If a careful review of the risk management file still finds the user is genuinely the risk control, and the severity of harm is significant, the usability assessment needs to be done carefully with specifications and results that demonstrate the risk is acceptable. But this is expected to be the rare case. 

Legacy products

For products on the market, the approach is very similar, except in this case the objective evidence can be derived from market experience, as opposed to pre-market testing. Specifications are still necessary, reporting and the strong link to risk management remains.
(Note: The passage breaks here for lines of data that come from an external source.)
(* Let $\Gamma$ be a non-empty set and $1<p\le 2$. Then $FBL[\ell_p(\Gamma)]$ contains a closed subspace isomorphic to $\ell_1(\Gamma)$.
   Context: For a real Banach space $E$ with dual $E^*$ and closed unit ball $B_E$, let $H[E]$ be the vector space of all positively homogeneous functions $f:E^*\to\mathbb R$ ($f(\lambda x^* )=\lambda f(x^* )$ for $\lambda>0$). For $f\in H[E]$ put $\|f\|_{FBL[E]}:=\sup\{\sum_{k=1}^n|f(x_k^* )| : n\in\mathbb N,\ x_1^*,\dots,x_n^*\in E^*,\ \sup_{x\in B_E}\sum_{k=1}^n|x_k^*(x)|\le 1\}$. $H_0[E]:=\{f\in H[E]:\|f\|_{FBL[E]}<\infty\}$ is a Banach lattice with this norm and pointwise order/operations. For $x\in E$ let $\delta_x(x^* )=x^*(x)$. $FBL[E]$ is the closed sublattice of $H_0[E]$ generated by $\{\delta_x:x\in E\}$. *)

theory Defs
  imports "HOL-Analysis.Analysis"
begin

text \<open>Sequence spaces over an index type 'g (the index set Gamma is the whole
  type 'g, hence automatically non-empty). Vector operations are pointwise.\<close>

definition lp :: "real \<Rightarrow> ('g \<Rightarrow> real) set" where
  "lp p = {x. (\<lambda>\<gamma>. \<bar>x \<gamma>\<bar> powr p) summable_on UNIV}"

definition lp_norm :: "real \<Rightarrow> ('g \<Rightarrow> real) \<Rightarrow> real" where
  "lp_norm p x = (\<Sum>\<^sub>\<infinity>\<gamma>. \<bar>x \<gamma>\<bar> powr p) powr (1 / p)"

definition l1 :: "('g \<Rightarrow> real) set" where
  "l1 = {x. (\<lambda>\<gamma>. \<bar>x \<gamma>\<bar>) summable_on UNIV}"

definition l1_norm :: "('g \<Rightarrow> real) \<Rightarrow> real" where
  "l1_norm x = (\<Sum>\<^sub>\<infinity>\<gamma>. \<bar>x \<gamma>\<bar>)"

text \<open>Dual of a normed space given by a carrier V of functions (pointwise
  operations) and a norm N: bounded linear functionals on V, made extensional
  (value 0 outside V) so that they are identified with their restriction to V.\<close>

definition dual_space :: "('g \<Rightarrow> real) set \<Rightarrow> (('g \<Rightarrow> real) \<Rightarrow> real) \<Rightarrow> ((('g \<Rightarrow> real) \<Rightarrow> real) set)" where
  "dual_space V N = {\<phi>.
     (\<forall>x\<in>V. \<forall>y\<in>V. \<phi> (\<lambda>\<gamma>. x \<gamma> + y \<gamma>) = \<phi> x + \<phi> y) \<and>
     (\<forall>x\<in>V. \<forall>c. \<phi> (\<lambda>\<gamma>. c * x \<gamma>) = c * \<phi> x) \<and>
     (\<exists>C. \<forall>x\<in>V. \<bar>\<phi> x\<bar> \<le> C * N x) \<and>
     (\<forall>x. x \<notin> V \<longrightarrow> \<phi> x = 0)}"

definition H_space :: "('g \<Rightarrow> real) set \<Rightarrow> (('g \<Rightarrow> real) \<Rightarrow> real) \<Rightarrow> (((('g \<Rightarrow> real) \<Rightarrow> real) \<Rightarrow> real) set)" where
  "H_space V N = {f.
     (\<forall>\<phi>\<in>dual_space V N. \<forall>t>0. f (\<lambda>x. t * \<phi> x) = t * f \<phi>) \<and>
     (\<forall>\<phi>. \<phi> \<notin> dual_space V N \<longrightarrow> f \<phi> = 0)}"

definition fbl_sums :: "('g \<Rightarrow> real) set \<Rightarrow> (('g \<Rightarrow> real) \<Rightarrow> real) \<Rightarrow> ((('g \<Rightarrow> real) \<Rightarrow> real) \<Rightarrow> real) \<Rightarrow> real set" where
  "fbl_sums V N f = {(\<Sum>k<(n::nat). \<bar>f (xs k)\<bar>) | n xs.
       (\<forall>k<n. xs k \<in> dual_space V N) \<and>
       (\<forall>x\<in>V. N x \<le> 1 \<longrightarrow> (\<Sum>k<n. \<bar>xs k x\<bar>) \<le> 1)}"

definition fbl_norm :: "('g \<Rightarrow> real) set \<Rightarrow> (('g \<Rightarrow> real) \<Rightarrow> real) \<Rightarrow> ((('g \<Rightarrow> real) \<Rightarrow> real) \<Rightarrow> real) \<Rightarrow> real" where
  "fbl_norm V N f = Sup (fbl_sums V N f)"

definition H0_space :: "('g \<Rightarrow> real) set \<Rightarrow> (('g \<Rightarrow> real) \<Rightarrow> real) \<Rightarrow> (((('g \<Rightarrow> real) \<Rightarrow> real) \<Rightarrow> real) set)" where
  "H0_space V N = {f \<in> H_space V N. bdd_above (fbl_sums V N f)}"

definition delta_fun :: "('g \<Rightarrow> real) set \<Rightarrow> (('g \<Rightarrow> real) \<Rightarrow> real) \<Rightarrow> ('g \<Rightarrow> real) \<Rightarrow> (('g \<Rightarrow> real) \<Rightarrow> real) \<Rightarrow> real" where
  "delta_fun V N x = (\<lambda>\<phi>. if \<phi> \<in> dual_space V N then \<phi> x else 0)"

definition closed_sublattice :: "('g \<Rightarrow> real) set \<Rightarrow> (('g \<Rightarrow> real) \<Rightarrow> real) \<Rightarrow> (((('g \<Rightarrow> real) \<Rightarrow> real) \<Rightarrow> real) set) \<Rightarrow> bool" where
  "closed_sublattice V N S \<longleftrightarrow>
     S \<subseteq> H0_space V N \<and>
     (\<forall>f\<in>S. \<forall>g\<in>S. (\<lambda>\<phi>. f \<phi> + g \<phi>) \<in> S) \<and>
     (\<forall>f\<in>S. \<forall>c. (\<lambda>\<phi>. c * f \<phi>) \<in> S) \<and>
     (\<forall>f\<in>S. \<forall>g\<in>S. (\<lambda>\<phi>. max (f \<phi>) (g \<phi>)) \<in> S) \<and>
     (\<forall>u f. (\<forall>n. u n \<in> S) \<longrightarrow> f \<in> H0_space V N \<longrightarrow>
        (\<lambda>n. fbl_norm V N (\<lambda>\<phi>. u n \<phi> - f \<phi>)) \<longlonglongrightarrow> 0 \<longrightarrow> f \<in> S)"

definition FBL :: "('g \<Rightarrow> real) set \<Rightarrow> (('g \<Rightarrow> real) \<Rightarrow> real) \<Rightarrow> (((('g \<Rightarrow> real) \<Rightarrow> real) \<Rightarrow> real) set)" where
  "FBL V N = \<Inter>{S. closed_sublattice V N S \<and> delta_fun V N ` V \<subseteq> S}"

end

theory Submission
  imports Defs
begin

text \<open>The embedding is \<open>T z = \<Sum>\<^sub>g z\<^sub>g \<bar>\<delta>(e\<^sub>g)\<bar>\<close>, evaluated at a functional
  \<open>x\<^sup>*\<close> as \<open>\<Sum>\<^sub>g z\<^sub>g \<bar>x\<^sup>*(e\<^sub>g)\<bar>\<close>. Since an admissible family satisfies
  \<open>\<Sum>\<^sub>k \<bar>x\<^sub>k\<^sup>*(e\<^sub>g)\<bar> \<le> 1\<close> at every unit vector, \<open>\<parallel>T z\<parallel> \<le> \<parallel>z\<parallel>\<^sub>1\<close>. For the converse, fix
  \<open>n\<close> coordinates and take the \<open>2\<^sup>n\<close> Rademacher functionals \<open>x \<mapsto> 2\<^sup>-\<^sup>n \<Sum> \<epsilon>\<^sub>g x\<^sub>g\<close>, one
  for each sign vector \<open>\<epsilon>\<close>. Orthogonality of the sign vectors and Cauchy-Schwarz bound the sum
  of their moduli by the \<open>\<ell>\<^sub>2\<close>-norm of \<open>x\<close> on these coordinates, which is at most
  \<open>\<parallel>x\<parallel>\<^sub>p\<close> because \<open>p \<le> 2\<close>; so they form an admissible family, on which \<open>T z\<close> sums
  to \<open>\<bar>\<Sum> z\<^sub>g\<bar>\<close>. Splitting into positive and negative parts gives \<open>\<parallel>z\<parallel>\<^sub>1 \<le> 2 \<parallel>T z\<parallel>\<close>.
  Finitely supported \<open>z\<close> are mapped into the sublattice generated by the evaluations and
  approximate \<open>T z\<close> in norm, so \<open>T\<close> lands in \<open>FBL\<close>; the lower estimate turns a Cauchy
  sequence in the image into a Cauchy sequence in \<open>\<ell>\<^sub>1\<close>, whose pointwise limit is read off
  the coordinate functionals, so the image is closed.\<close>

definition unit_vec :: "'g \<Rightarrow> 'g \<Rightarrow> real" where
  "unit_vec g = (\<lambda>d. if d = g then 1 else 0)"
But the key point is that it is in principle OK to point to market experience as evidence that a user based risk control is effective.  

The final word

If any management system standard seems scary it is usually due to false assumptions about what the standard actually requires. In general, these standards are specification based (not fishing), flexible and resources can be adjusted to suit the situation. Responsible manufacturers that know their product well and are confident it is safe and effective should never fear these standards. Simply use the requirements in the standard as a checklist, and tick off each item one by one until the file is prepared. If the standard requires a record, make sure the record exists. If a requirement is subjective, document whatever the particular qualified responsible individual feels is appropriate for the situation. Avoid asking third parties for opinions, as they rarely know the product as well as you do.